Per il Giappone, l’FMI prevede una crescita dell’1,2% sia nel 2026 sia nel 2027. Secondo il Fondo, il Paese beneficia di una dinamica economica relativamente più solida e di misure governative di sostegno, che contribuiscono a contenere l’impatto del conflitto in Medio Oriente rispetto ad altre economie avanzate.

Mercati emergenti: Cina e India resilienti, Turchia in rallentamento

Tra le principali economie emergenti, la Cina dovrebbe crescere del 4,4% nel 2026 e del 4,0% nel 2027. La previsione per il 2026 è stata rivista al rialzo rispetto a ottobre, grazie a tariffe effettive statunitensi meno gravose sui beni cinesi e a misure di stimolo che compensano in parte gli effetti negativi del conflitto in Medio Oriente. Il rallentamento previsto per il 2027 riflette invece fattori strutturali, tra cui la prolungata debolezza del comparto immobiliare, la contrazione della forza lavoro, i rendimenti decrescenti degli investimenti e una produttività meno dinamica.

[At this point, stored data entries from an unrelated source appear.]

(* Let $n\ge1$ and $d\in\mathbf D$. If $\ell(d)\ne\ell(r_n(d))$, then $d=j/2^n$ for some integer $j$. In particular, for every $r\in\mathrm{Rot}$ there are only finitely many $d\in\mathbf D$ with $\ell(d)\ne\ell(r(d))$.
   Context: $\mathbf D=\{a/2^n:n\ge1,0\le a\le2^n-1\}\subset[0,1)\cong\mathbf R/\mathbf Z$. A standard dyadic interval (s.d.i.) is $(a/2^k,(a+1)/2^k)$ with $a,k\in\mathbf N$, $(a+1)/2^k\le1$. $\ell:\mathbf D\to\mathbf R$ is $\ell(d)=-\log_2(d'-d)$ where $(d,d')$ is the largest s.d.i. with left endpoint $d$ (e.g. $\ell(0)=0$, $\ell(1/2)=1$, $\ell(1/4)=\ell(3/4)=2$). $r_n$ is the rotation $x\mapsto x+2^{-n}\pmod 1$ of the torus (an element of Thompson's group $T$), and $\mathrm{Rot}=\bigcup_{n\ge1}\langle r_n\rangle$ is the group of rotations by dyadic angles $k/2^n$. *)

theory Defs
  imports Complex_Main
begin

text \<open>The circle R/Z is represented by [0,1) inside the reals, addition mod 1 via frac.\<close>

definition dyadics :: "real set" where
  "dyadics = {real a / 2 ^ n | a n :: nat. n \<ge> 1 \<and> a \<le> 2 ^ n - 1}"

text \<open>Standard dyadic interval (a/2^k,(a+1)/2^k) is encoded by the pair (a,k).\<close>
definition is_sdi :: "nat \<Rightarrow> nat \<Rightarrow> bool" where
  "is_sdi a k \<longleftrightarrow> (real a + 1) / 2 ^ k \<le> 1"

text \<open>The largest s.d.i. with left endpoint d is the one of least level k;
  ell d = -log2 of its length.\<close>
definition ell :: "real \<Rightarrow> real" where
  "ell d = - log 2 (1 / 2 ^ (LEAST k. \<exists>a. is_sdi a k \<and> real a / 2 ^ k = d))"

definition rot :: "real \<Rightarrow> real \<Rightarrow> real" where
  "rot t x = frac (x + t)"

definition r :: "nat \<Rightarrow> real \<Rightarrow> real" where
  "r n = rot (1 / 2 ^ n)"

text \<open>Rot = union of the cyclic groups generated by r_n, i.e. rotations by k/2^n.\<close>
definition Rot :: "(real \<Rightarrow> real) set" where
  "Rot = {rot (real_of_int k / 2 ^ n) | k n. n \<ge> 1}"

end

theory Submission
  imports Defs
begin

text \<open>A point x of [0,1) is a left endpoint of an s.d.i. of level k exactly when 2^k x is an
  integer, so ell x only depends on the set of levels k with 2^k x \<in> \<int>. If 2^n d \<notin> \<int>,
  a rotation by an angle j/2^n does not change this set: for levels m \<ge> n it shifts 2^m d by an
  integer, and for levels m < n neither point qualifies, since 2^m y \<in> \<int> forces 2^n y \<in> \<int>.
  Hence ell can only change under such a rotation at the finitely many points of the grid
  2^-n \<int> in [0,1).\<close>

lemma sdi_left_endpoint_iff:
  assumes "0 \<le> x" "x < 1"
  shows "(\<exists>a. is_sdi a k \<and> real a / 2 ^ k = x) \<longleftrightarrow> 2 ^ k * x \<in> \<int>"
proof
  assume "\<exists>a. is_sdi a k \<and> real a / 2 ^ k = x"
  then obtain a where "real a / 2 ^ k = x" by blast
  then have "2 ^ k * x = real a" by (simp add: field_simps)
  then show "2 ^ k * x \<in> \<int>" by simp
next
  assume "2 ^ k * x \<in> \<int>"
  then obtain j where j: "2 ^ k * x = real_of_int j" by (auto elim: Ints_cases)
  have "0 \<le> real_of_int j" "real_of_int j < real_of_int (2 ^ k)"
    using assms by (simp_all flip: j)
  then have j_bounds: "0 \<le> j" "j + 1 \<le> 2 ^ k" by (simp_all only: of_int_le_iff of_int_less_iff)
  define a where "a = nat j"
  have a: "real a = real_of_int j" using j_bounds by (simp add: a_def)
  have "real_of_int (j + 1) \<le> real_of_int (2 ^ k)"
    using j_bounds(2) by (simp only: of_int_le_iff)
  then have "is_sdi a k" by (simp add: is_sdi_def a)
  moreover have "real a / 2 ^ k = x" using a j by (simp add: field_simps)
  ultimately show "\<exists>a. is_sdi a k \<and> real a / 2 ^ k = x" by blast
qed

lemma ell_eqI:
  assumes "0 \<le> x" "x < 1" "0 \<le> y" "y < 1"
    and "\<And>k. 2 ^ k * x \<in> \<int> \<longleftrightarrow> 2 ^ k * y \<in> \<int>"
  shows "ell x = ell y"
  unfolding ell_def
  using sdi_left_endpoint_iff[OF assms(1,2)] sdi_left_endpoint_iff[OF assms(3,4)] assms(5)
  by simp

lemma power2_mult_in_Ints_mono:
  assumes "2 ^ m * (y::real) \<in> \<int>" "m \<le> n"
  shows "2 ^ n * y \<in> \<int>"
proof -
  have "(2::real) ^ n = 2 ^ (n - m) * 2 ^ m"
    using assms(2) by (simp flip: power_add)
  then have "(2::real) ^ n * y = 2 ^ (n - m) * (2 ^ m * y)" by (metis mult.assoc)
  then show ?thesis using assms(1) by (metis Ints_mult Ints_numeral Ints_power)
qed

lemma mult_frac_in_Ints_iff:
  assumes "(c::real) \<in> \<int>"
  shows "c * frac y \<in> \<int> \<longleftrightarrow> c * y \<in> \<int>"
proof -
  have "c * frac y = c * y - c * of_int \<lfloor>y\<rfloor>" by (simp add: frac_def algebra_simps)
  moreover have "c * of_int \<lfloor>y\<rfloor> \<in> \<int>" using assms by simp
  ultimately show ?thesis by simp
qed

lemma power2_mult_rot_in_Ints_iff:
  assumes "2 ^ n * (d::real) \<notin> \<int>"
  shows "2 ^ m * rot (of_int j / 2 ^ n) d \<in> \<int> \<longleftrightarrow> 2 ^ m * d \<in> \<int>"
proof (cases "n \<le> m")
  case True
  have "(2::real) ^ m = 2 ^ (m - n) * 2 ^ n"
    using True by (simp flip: power_add)
  then have "(2::real) ^ m * (of_int j / 2 ^ n) = of_int (j * 2 ^ (m - n))" by simp
  then have "2 ^ m * (d + of_int j / 2 ^ n) \<in> \<int> \<longleftrightarrow> 2 ^ m * d \<in> \<int>"
    by (simp add: distrib_left)
  then show ?thesis unfolding rot_def by (simp add: mult_frac_in_Ints_iff)
next
  case False
  have "2 ^ n * (d + of_int j / 2 ^ n) \<notin> \<int>"
    using assms by (simp add: distrib_left)
  then have "2 ^ m * (d + of_int j / 2 ^ n) \<notin> \<int>" "2 ^ m * d \<notin> \<int>"
    using False assms power2_mult_in_Ints_mono[of m _ n] by auto
  then show ?thesis unfolding rot_def by (simp add: mult_frac_in_Ints_iff)
qed

lemma ell_rot_eq:
  assumes "0 \<le> d" "d < 1" "2 ^ n * d \<notin> \<int>"
  shows "ell (rot (of_int j / 2 ^ n) d) = ell d"
  using assms power2_mult_rot_in_Ints_iff[OF assms(3)]
  by (intro ell_eqI) (simp_all add: rot_def frac_lt_1)

lemma dyadics_subset: "dyadics \<subseteq> {0..<1}"
proof
  fix d assume "d \<in> dyadics"
  then obtain a n where d: "d = real a / 2 ^ n" "a \<le> 2 ^ n - 1" unfolding dyadics_def by blast
  have "a < 2 ^ n" using d(2) zero_less_power[of "2::nat" n] by linarith
  then have "real a < 2 ^ n" by (metis of_nat_less_numeral_power_cancel_iff)
  then show "d \<in> {0..<1}" using d(1) by simp
qed

lemma finite_grid_points:
  "finite {x::real \<in> {0..<1}. 2 ^ n * x \<in> \<int>}"
proof (rule finite_subset)
  show "{x::real \<in> {0..<1}. 2 ^ n * x \<in> \<int>} \<subseteq> (\<lambda>j::int. of_int j / 2 ^ n) ` {0..<2 ^ n}"
  proof
    fix x :: real assume "x \<in> {x \<in> {0..<1}. 2 ^ n * x \<in> \<int>}"
    then obtain j where x: "0 \<le> x" "x < 1" "2 ^ n * x = of_int j" by (auto elim: Ints_cases)
    then have "0 \<le> real_of_int j" "real_of_int j < 2 ^ n" by (simp_all flip: x(3))
    then have "j \<in> {0..<2 ^ n}" by simp
    moreover have "x = of_int j / 2 ^ n" using x(3) by (simp add: field_simps)
    ultimately show "x \<in> (\<lambda>j::int. of_int j / 2 ^ n) ` {0..<2 ^ n}" by blast
  qed
qed simp

theorem proposition3p18:
  shows "(\<forall>n d. n \<ge> 1 \<longrightarrow> d \<in> dyadics \<longrightarrow> ell d \<noteq> ell (r n d)
            \<longrightarrow> (\<exists>j::int. d = real_of_int j / 2 ^ n))
       \<and> (\<forall>\<rho>\<in>Rot. finite {d \<in> dyadics. ell d \<noteq> ell (\<rho> d)})"
proof (intro conjI allI impI ballI)
  fix n d
  assume "d \<in> dyadics" "ell d \<noteq> ell (r n d)"
  then have "2 ^ n * d \<in> \<int>"
    using dyadics_subset ell_rot_eq[of d n 1] unfolding r_def by fastforce
  then obtain j where "2 ^ n * d = real_of_int j" by (auto elim: Ints_cases)
  then show "\<exists>j::int. d = real_of_int j / 2 ^ n" by (auto simp: field_simps)
next
  fix \<rho> assume "\<rho> \<in> Rot"
  then obtain j n where \<rho>: "\<rho> = rot (real_of_int j / 2 ^ n)" unfolding Rot_def by blast
  have "{d \<in> dyadics. ell d \<noteq> ell (\<rho> d)} \<subseteq> {x \<in> {0..<1}. 2 ^ n * x \<in> \<int>}"
    using dyadics_subset ell_rot_eq[of _ n j] unfolding \<rho> by fastforce
  then show "finite {d \<in> dyadics. ell d \<noteq> ell (\<rho> d)}"
    using finite_grid_points by (rule finite_subset)
qed

end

L’India si conferma tra le economie di maggior crescita, con una proiezione del 6,5% sia per il 2026 che per il 2027. Per il 2026, la crescita è stata rivista moderatamente al rialzo di 0,3 punti percentuali, guidata dal contributo positivo derivante dal forte risultato del 2025 e dal calo delle tariffe aggiuntive statunitensi sui beni indiani dal 50% al 10%, che superano l’impatto negativo del conflitto in Medio Oriente.

Per la Turchia, invece, l’FMI ha corretto al ribasso le prospettive di crescita, portando la stima per il 2026 al 3,4%, con una revisione negativa di 0,8 punti percentuali. A pesare sono la performance più debole del previsto nel 2025 e i maggiori costi di petrolio e gas. Anche la previsione per il 2027 è stata ridotta, al 3,5%, rispetto al precedente 4,1%.

Energia, tassi e debito: i nodi strutturali restano aperti

Nel breve periodo, i prezzi dell’energia sono attesi in aumento a causa delle tensioni geopolitiche, con effetti diretti sull’inflazione e sugli equilibri commerciali. Parallelamente, le condizioni finanziarie globali restano restrittive, con tassi di interesse elevati che continuano a frenare investimenti e credito, soprattutto nei mercati emergenti.

Il FMI sottolinea inoltre che le vulnerabilità legate al debito restano elevate, in particolare nei Paesi a basso reddito, dove i rischi di rifinanziamento si mantengono significativi. Allo stesso tempo, l’inasprimento delle tensioni commerciali e dei dazi continua a rappresentare un fattore di rischio per la produzione globale, mentre i persistenti squilibri delle partite correnti riflettono divergenze strutturali ancora profonde tra le diverse economie.